No es la felicidad, pero
calma los nervios
Desde pequeña perdí un poco el valor del dinero por sí mismo, como elemento de colección o como sentido de abundancia.
En casa no se hablaba de dinero, pero poco a poco fui descubriendo que era escaso, aunque nunca ausente, tal vez por ello no tengo memoria de haberlo vivido como motivo de tragedia o fuente de felicidad.
Lo que sí había era sentido de ahorro pues mi mamá, para estirarlo, cosía, bordaba y tejía, así alcanzaba para que estrenáramos con frecuencia, después de medirnos veinte veces las prendas para que quedaran como de diseñador, más bien de diseñadora, ella.
La comida era abundante y estaba en el centro de la atención cotidiana. Recuerdo esa libretita, yo ahora tengo la mía, en la que mi mamá apuntaba el gasto diario: 10 centavos de chiles, $1.00 de bolillos, $25 para queso y fruta. No había gran despensa, se compraba todos los días lo que se necesitaba y para lo que alcanzara.
También ahora me hago consciente que eso era hacer un poco magia con la quincena y qué alegría tendría el mes de febrero en el que la segunda quincena solo tenía catorce días y no como los otros meses que tenían dieciseis o diecisiete. Cuando, después de terminar una carrera corta como fue la de prepararme para maestra, el trabajo remunerado fue una novedad. Ahora ya tenía la parte del dinero que me quedaba para usarlo en lo que quisiera, guardarlo o gastarlo en lo que se me antojara porque la norma de la familia era que la mitad del salario sería para contribuir a los gastos de la casa. Esto no sé si me lo dijeron o fue decisión mía.
Cuando ya todos los hermanos estábamos fuera de casa, a mis papás les sobraban algunos pesos y con ellos se iban felices al Tianguis de antigüedades de la Lagunilla a ver qué se les atravesaba en el camino, eran tan conocidos entre los vendedores que uno les prestaba dinero para comprarle a otro.

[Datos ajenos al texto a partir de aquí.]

lemma cone_bonding: "i \<in> I \<Longrightarrow> j \<in> I \<Longrightarrow> ge i j \<Longrightarrow> y \<in> Y \<Longrightarrow> \<phi> i j (q i y) = q j y"
  using q_compose[of i j] by (auto simp: compose_def dest: fun_cong[of _ _ y])

lemma lim_lift_in: "y \<in> Y \<Longrightarrow> lim_lift Y q y \<in> L"
  by (rule lim_setI) (auto simp: lim_lift_def cone_in cone_bonding)

lemma lim_lift_apply: "y \<in> Y \<Longrightarrow> i \<in> I \<Longrightarrow> lim_lift Y q y i = q i y"
  by (simp add: lim_lift_def)

lemma lim_lift_root:
  assumes y: "y \<in> Y" and u: "u \<in> V y"
  shows "\<exists>v\<in>UL (lim_lift Y q y). \<forall>z\<in>Y. lim_lift Y q (u z) = v (lim_lift Y q z)"
proof -
  let ?\<psi> = "lim_lift Y q"
  have uB: "u \<in> Bij Y" by (rule lms_Bij[OF lms_Y y u])
  obtain z0 where z0: "z0 \<in> Y" "(y, z0) \<notin> S"
    using quotient_more_than_two_ex_unrelated[OF lms_equiv[OF lms_Y] _ y] lms_Y
    by (auto simp: local_moufang_set_def)
  have "\<forall>i\<in>I. \<exists>v. v \<in> U i (q i y) \<and> (\<forall>z\<in>Y. q i (u z) = v (q i z))"
    using cone_root[OF _ y u] by blast
  then obtain w where w: "\<And>i. i \<in> I \<Longrightarrow> w i \<in> U i (q i y) \<and> (\<forall>z\<in>Y. q i (u z) = w i (q i z))"
    by metis
  have "(?\<psi> y, ?\<psi> z0) \<notin> RL"
    using cone_related_iff[OF _ y z0(1)] z0(2) index_nonempty
    by (auto simp: lim_rel_iff lim_lift_apply y z0(1))
  moreover have "\<phi> i j (w i (q i z0)) = w j (q j z0)" if ij: "i \<in> I" "j \<in> I" "ge i j" for i j
  proof -
    have "\<phi> i j (w i (q i z0)) = \<phi> i j (q i (u z0))" using w[OF ij(1)] z0(1) by simp
    also have "\<dots> = q j (u z0)" by (rule cone_bonding[OF ij Bij_apply[OF uB z0(1)]])
    also have "\<dots> = w j (q j z0)" using w[OF ij(2)] z0(1) by simp
    finally show ?thesis .
  qed
  ultimately have "compatible_family (restrict w I)"
    using compatible_root_family[OF lim_lift_in[OF y] lim_lift_in[OF z0(1)], of "restrict w I"] w
      y z0(1) by (simp add: lim_lift_apply)
  then have wR: "restrict w I \<in> root_families (?\<psi> y)"
    using w by (simp add: root_families_def lim_lift_apply y)
  have "?\<psi> (u z) = act (restrict w I) (?\<psi> z)" if z: "z \<in> Y" for z
    by (rule lim_set_eqI[OF lim_lift_in[OF Bij_apply[OF uB z]]
          act_closed[OF root_families_compatible_perms[OF lim_lift_in[OF y] wR] lim_lift_in[OF z]]])
       (simp add: lim_lift_apply act_apply lim_lift_in z Bij_apply[OF uB z] w)
  then show ?thesis using wR by (auto simp: lim_root_group_eq)
qed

Con esta sensación hacia el dinero crecí y cuando tuve que administrar lo que entraba ya tenía gran experiencia en estirar la cantidad del dinero. Mis hijos pronto se las ingeniaron para ganar el suyo y así seguir creando una cadena de una generación a otra para usarlo y no tanto para acumularlo, puesto que crecieron ante la poca emoción frente a una cuenta bancaria de muchas cifras.
Yo he usado el dinero, él no me ha usado. Ahora tengo una cantidad segura por mis años de trabajo, que se llama pensión vitalicia, un techo como resguardo y unos pesos de más para compartir o para dar un paseo por los Tianguis de Viejo, tal como lo hacían mis padres. El dinero es para mí, no yo para el dinero. No sé si será mejor o peor, quién sabe, pero así es como yo lo vivo.